The last seven days have likely cast away any final dregs of that optimism. Last Wednesday, the government announced cuts to spending for DCMS (Department of Culture, Media and Sport), at a time when local budgets and more were already floundering.
Today, the House of Commons passed the Data (Use and Access) Bill, which to a jobbing actor might not sound like a particularly notable event. However, one of the proposed amendments to the bill was to provide creatives – from writers, to artists, to musicians, to composers, to singers, to poets, to lyricists – with information about which tech companies may be using their copyrighted work. Pushed by baroness Beeban Kidron, it was voted down by the government and the bill remains unamended.
This has all been covered with fantastic detail by our friends over at The Stage. Brass tax though: the bill’s passing, without alteration, represents a clear decision to ignore leading industry voices. Despite being repeatedly backed by the House of Lords, the government countered by claiming that it’s waiting on the results of the Copyright and AI: Consultation – launched in December – to pin down the relationship between AI models and creative work, with results expected later this year.
One fundamental issue, according to the consultation, is “how copyright encourages human endeavour while not hindering technological development.” Which begs the question: why not pause the bill until then so the fruits of human endeavour aren’t jeopardised?
The UK government, handing a carte blanche to tech companies and justifying it on a technicality, has unequivocally proven their lack of interest in supporting the creative industries – rather than siding with those concerned about artists simply making a living, they’re once more in the pocket of tax-avoiding organisations.
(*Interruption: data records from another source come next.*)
(* Let $p\ge3$ and let $n_1\ge n_2\ge\dots\ge n_p\ge1$ be positive integers such that $n_1+\sum_{i=2}^p\sigma_in_i=0$ for some $\sigma_2,\dots,\sigma_p\in\{-1,0,1\}$. Then for every $0<\alpha<1$, $$\sum_{i=2}^pn_i^\alpha-n_1^\alpha\ge(2-2^\alpha)\sum_{i=3}^pn_i^\alpha.$$ *)

theory Defs
  imports Complex_Main
begin

end

theory Submission
  imports Defs
begin

text \<open>By concavity, adding a summand \<open>m\<close> no larger than \<open>t\<close> increases \<open>t powr \<alpha>\<close> by at most
  \<open>(2 powr \<alpha> - 1) * m powr \<alpha>\<close>, the increment at \<open>t = m\<close>. Iterating this along \<open>n\<^sub>2 \<ge> n\<^sub>3 \<ge> \<dots>\<close>
  bounds \<open>(n\<^sub>2 + \<dots> + n\<^sub>p) powr \<alpha>\<close>, and the sign condition gives \<open>n\<^sub>1 \<le> n\<^sub>2 + \<dots> + n\<^sub>p\<close>.\<close>

lemma powr_add_le_of_le:
  fixes t m \<alpha> :: real
  assumes "0 < m" "m \<le> t" "0 \<le> \<alpha>" "\<alpha> \<le> 1"
  shows "(t + m) powr \<alpha> \<le> t powr \<alpha> + (2 powr \<alpha> - 1) * m powr \<alpha>"
proof -
  let ?h = "\<lambda>x. (x + m) powr \<alpha> - x powr \<alpha>"
  have "?h t \<le> ?h m"
  proof (rule DERIV_nonpos_imp_nonincreasing[OF \<open>m \<le> t\<close>])
    fix x assume "m \<le> x" "x \<le> t"
    with assms have "0 < x" by simp
    have "((\<lambda>x. (x + m) powr \<alpha>) has_real_derivative \<alpha> * (x + m) powr (\<alpha> - 1)) (at x)"
      using \<open>0 < x\<close> \<open>0 < m\<close> by (auto intro!: derivative_eq_intros)
    moreover have "((\<lambda>x. x powr \<alpha>) has_real_derivative \<alpha> * x powr (\<alpha> - 1)) (at x)"
      using has_real_derivative_powr[OF \<open>0 < x\<close>] .
    moreover have "(x + m) powr (\<alpha> - 1) \<le> x powr (\<alpha> - 1)"
      using powr_mono2'[of "\<alpha> - 1" x "x + m"] \<open>0 < x\<close> assms by simp
    then have "\<alpha> * (x + m) powr (\<alpha> - 1) - \<alpha> * x powr (\<alpha> - 1) \<le> 0"
      using assms by (simp add: mult_left_mono)
    ultimately show "\<exists>y. DERIV ?h x :> y \<and> y \<le> 0"
      using DERIV_diff by blast
  qed
  moreover have "(m + m) powr \<alpha> = 2 powr \<alpha> * m powr \<alpha>"
    using assms by (simp add: powr_mult[symmetric])
  ultimately show ?thesis by (simp add: algebra_simps)
qed

lemma powr_sum_le_first_plus:
  fixes x :: "nat \<Rightarrow> real" and \<alpha> :: real
  assumes "a \<le> b" "0 \<le> \<alpha>" "\<alpha> \<le> 1"
    and pos: "\<And>i. a \<le> i \<Longrightarrow> i \<le> b \<Longrightarrow> 0 < x i"
    and le_first: "\<And>i. a \<le> i \<Longrightarrow> i \<le> b \<Longrightarrow> x i \<le> x a"
  shows "(\<Sum>i=a..b. x i) powr \<alpha> \<le> x a powr \<alpha> + (2 powr \<alpha> - 1) * (\<Sum>i=Suc a..b. x i powr \<alpha>)"
  using assms(1) pos le_first
proof (induction b rule: dec_induct)
  case base
  then show ?case by simp
next
  case (step k)
  have "x (Suc k) \<le> x a" "0 < x (Suc k)"
    using step.prems step.hyps by auto
  moreover have "x a \<le> (\<Sum>i=a..k. x i)"
    using step.prems step.hyps by (intro member_le_sum) (auto intro: less_imp_le)
  ultimately have "((\<Sum>i=a..k. x i) + x (Suc k)) powr \<alpha>
      \<le> (\<Sum>i=a..k. x i) powr \<alpha> + (2 powr \<alpha> - 1) * x (Suc k) powr \<alpha>"
    using assms by (intro powr_add_le_of_le) auto
  moreover have "(\<Sum>i=a..k. x i) powr \<alpha> \<le> x a powr \<alpha> + (2 powr \<alpha> - 1) * (\<Sum>i=Suc a..k. x i powr \<alpha>)"
    using step by simp
  ultimately show ?case
    using step.hyps by (simp add: algebra_simps)
qed

lemma le_sum_of_signed_sum_eq_zero:
  fixes c :: "'a :: linordered_idom" and y :: "'b \<Rightarrow> 'a"
  assumes "\<And>i. i \<in> A \<Longrightarrow> \<sigma> i \<in> {-1, 0, 1}" "\<And>i. i \<in> A \<Longrightarrow> 0 \<le> y i"
    and "c + (\<Sum>i\<in>A. \<sigma> i * y i) = 0"
  shows "c \<le> (\<Sum>i\<in>A. y i)"
proof -
  have "c = (\<Sum>i\<in>A. - \<sigma> i * y i)"
    using assms(3) by (simp add: sum_negf eq_neg_iff_add_eq_0)
  also have "\<dots> \<le> (\<Sum>i\<in>A. y i)"
    using assms(1,2) by (intro sum_mono) fastforce
  finally show ?thesis .
qed

theorem lemmaC1:
  fixes p :: nat and n :: "nat \<Rightarrow> nat" and \<sigma> :: "nat \<Rightarrow> int" and \<alpha> :: real
  assumes "p \<ge> 3"
    and "\<And>i j. 1 \<le> i \<Longrightarrow> i \<le> j \<Longrightarrow> j \<le> p \<Longrightarrow> n j \<le> n i"
    and "\<And>i. 1 \<le> i \<Longrightarrow> i \<le> p \<Longrightarrow> n i \<ge> 1"
    and "\<And>i. 2 \<le> i \<Longrightarrow> i \<le> p \<Longrightarrow> \<sigma> i \<in> {-1, 0, 1}"
    and "int (n 1) + (\<Sum>i=2..p. \<sigma> i * int (n i)) = 0"
    and "0 < \<alpha>" and "\<alpha> < 1"
  shows "(\<Sum>i=2..p. real (n i) powr \<alpha>) - real (n 1) powr \<alpha>
           \<ge> (2 - 2 powr \<alpha>) * (\<Sum>i=3..p. real (n i) powr \<alpha>)"
proof -
  have "int (n 1) \<le> (\<Sum>i=2..p. int (n i))"
    using assms(4,5) by (intro le_sum_of_signed_sum_eq_zero[where \<sigma> = \<sigma>]) auto
  then have "real (n 1) \<le> (\<Sum>i=2..p. real (n i))"
    by (simp flip: of_nat_sum)
  then have "real (n 1) powr \<alpha> \<le> (\<Sum>i=2..p. real (n i)) powr \<alpha>"
    using assms(6) by (simp add: powr_mono2)
  also have "\<dots> \<le> real (n 2) powr \<alpha> + (2 powr \<alpha> - 1) * (\<Sum>i=3..p. real (n i) powr \<alpha>)"
  proof -
    have "(\<Sum>i=2..p. real (n i)) powr \<alpha>
        \<le> real (n 2) powr \<alpha> + (2 powr \<alpha> - 1) * (\<Sum>i=Suc 2..p. real (n i) powr \<alpha>)"
      using assms(1,6,7) assms(2)[of 2] assms(3)
      by (intro powr_sum_le_first_plus) (auto simp: Suc_le_eq)
    then show ?thesis by (simp add: numeral_3_eq_3)
  qed
  moreover have "(\<Sum>i=2..p. real (n i) powr \<alpha>) = real (n 2) powr \<alpha> + (\<Sum>i=3..p. real (n i) powr \<alpha>)"
    using assms(1) by (subst sum.atLeast_Suc_atMost) (auto simp: numeral_3_eq_3)
  ultimately show ?thesis by (simp add: algebra_simps)
qed

end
I’m happy to hold my hands up and apologise if the consultation leads to rigid safeguards and sufficient renumeration for artists who have had their work used by AI models. But nothing so far suggests that the government will proactively allow that to happen.
More eloquent voices than mine have explained countless times how the creative industries lead to urban regeneration, stronger education levels, more jobs and simply a better quality of life. For the government to ignore the voices of creatives, some as high-profile as Ian McKellen, Cameron Mackintosh or Andrew Lloyd Webber, as well as industry professionals who sit in the House of Lords, suggests a startling degree of ineptitude, or a wilful desire to belligerently hold a destructive line,
As Sarah Crompton explained incredibly well a few weeks ago on the WhatsOnStage Podcast, the arts were at the heart of a Labour Government’s post-war recovery agenda – at a time of incredible economic hardship. To see their endeavours so methodically tarnished by another Labour Government, many decades later, is infuriating.